Ноги Зои внезапно онемели. Она уже пожалела, что пришла сюда, и теперь хотела лишь одного: незаметно вернуться к спящим родным. Зоя осторожно отступила назад, опасаясь дышать, опасаясь издать хоть какой–то звук. Но, наверное, девочка все же оступилась, оттого что половица под ногами тихонько скрипнула.
Она в ужасе зажмурила глаза и замерла на месте, задерживая дыхание, а когда открыла их, то увидела ярко–желтые, горящие, как фары автомобиля, глаза чудовища, смотрящего на нее в упор. В этих глазах застыл дикий плотский голод, и Зою зазнобило. Мгновение чудовище смотрело прямо на нее, потом, совершив еще несколько поршнеобразных толчков, вбивая себя в женщину, повело морду вверх, завыв, содрогаясь всем телом.
Оцепенение спало, и Зоя скрылась в гостиной, где плюхнулась обратно в кресло. Ей было жарко и холодно одновременно. Она ждала, прислушиваясь, сжавшись всем телом. Но застывшая тишина отдавалась громыхающим биеньем пульса в висках.
Кажется, она только на мгновение закрыла глаза, кутаясь в ознобе в одеяло, и неожиданно заснула так крепко, словно в омут провалилась.
– Зоя, завтракать!
Ммм, мамин голос. Как же приятно его слышать. Какие-то секунды, еще не открывая глаза, девочка была уверена: она находится дома, где все обыденно и хорошо.
Но сон уходил, а с ним и желанные грезы. Зоя нехотя поворочалась, потянулась и встала. И – снова едва не села, оглушенная потоком вчерашних кошмарных воспоминаний.
– Мам, надо поговорить! Мама! Пожалуйста! – позвала Зоя.
– Зоя, иди сюда, – словно не слыша, ответила мама.
За столом на кухне сидели трое бородатых мужиков, тощих, чернявых, с хитрыми взглядами исподлобья. Двоих они уже видели: проводник и тот, с черной курицей. Ефросинья сидела между ними во главе стола, в нарядном, старинного покроя платье с глубоким вырезом, выставлявшим напоказ все ее прелести. А на столе, в большом широком блюде, лежал крупный жареный поросенок, рядом стопка тарелок и столовые приборы.

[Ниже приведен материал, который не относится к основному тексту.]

theorem proposition5p1:
  shows "(\<forall>n. fps_nth (T 2) (2 * n + 1) = real ((2 * n) choose n) / real (n + 1))
       \<and> (\<forall>n. fps_nth (T 2) (2 * n) = 0)
       \<and> (\<forall>n. fps_nth (T 3) (n + 1) = real (motzkin n))
       \<and> T 4 = G01"
proof -
  have T2: "t_coeff 2 (Suc l) = dyck_count l 0" for l
    using t_coeff_Suc_eq_card_nonneg_walks[of 2 l] card_nonneg_walks_pm[of l 0]
    by (simp add: step_set_2)
  have "fps_nth (T 2) (2 * n + 1) = real ((2 * n) choose n) / real (n + 1)" for n
    using T2[of "2 * n"] dyck_count_eq_ballot_number[of n "2 * n"] ballot_number_middle[of n]
    by (simp add: T_def)
  moreover have "fps_nth (T 2) (2 * n) = 0" for n
  proof (cases n)
    case 0
    then show ?thesis by (simp add: T_def t_coeff_def absorbed_walks_0)
  next
    case (Suc i)
    then have "2 * n = Suc (2 * i + 1)" by simp
    moreover have "dyck_count (2 * i + 1) 0 = 0"
      using dyck_count_nonzero[of "2 * i + 1" 0] by (auto simp del: dyck_count.simps)
    ultimately show ?thesis
      using T2[of "2 * i + 1"] by (simp add: T_def del: dyck_count.simps)
  qed
  moreover have "fps_nth (T 3) (n + 1) = real (motzkin n)" for n
    using t_coeff_Suc_eq_card_nonneg_walks[of 3 n]
    by (simp add: T_def motzkin_def motzkin_walks_def nonneg_walks_def step_set_3)
  moreover have "T 4 = G01"
    using bij_betw_same_card[OF bij_betw_absorbed_walks_4_G01_walks]
    by (simp add: T_def G01_def t_coeff_def)
  ultimately show ?thesis by blast
qed

end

– Садись, дорогая! – монотонно произнесла мама и, взяв нож, отрезала щедрый ломоть мяса, положив его на пустую тарелку.
– Я не хочу! – сквозь злые слезы прошептала Зоя.
– Ешь, сестрица, – улыбался румяный Илья, который неожиданно вылез прямо из–под стола. У брата лихорадочно поблескивали глаза, и он все время переводил взгляд, словно не мог сосредоточиться.
Мужики, не обращая внимания на Зою, жевали мясо с аппетитом, разрывая его от туши руками. Знахарка тоже ела с жадностью, глотая, едва прожевав огромные куски. И, к ужасу Зои, мама тоже уселась на свободный стул и принялась за еду. Девочке ничего не оставалось, как сеть рядом и начать бессмысленно ковыряться в отрезанном мясе вилкой. Чавканье сидящих за столом людей слилось в унисон, став совершенно непереносимым… На тонкой кожице в мясе Зоина вилка вдруг звякнула, зацепившись за маленькое колечко, по-женски изящное и тонкое, похожее на пирсинг или серьгу. Но на свиней такие вещи не цепляют….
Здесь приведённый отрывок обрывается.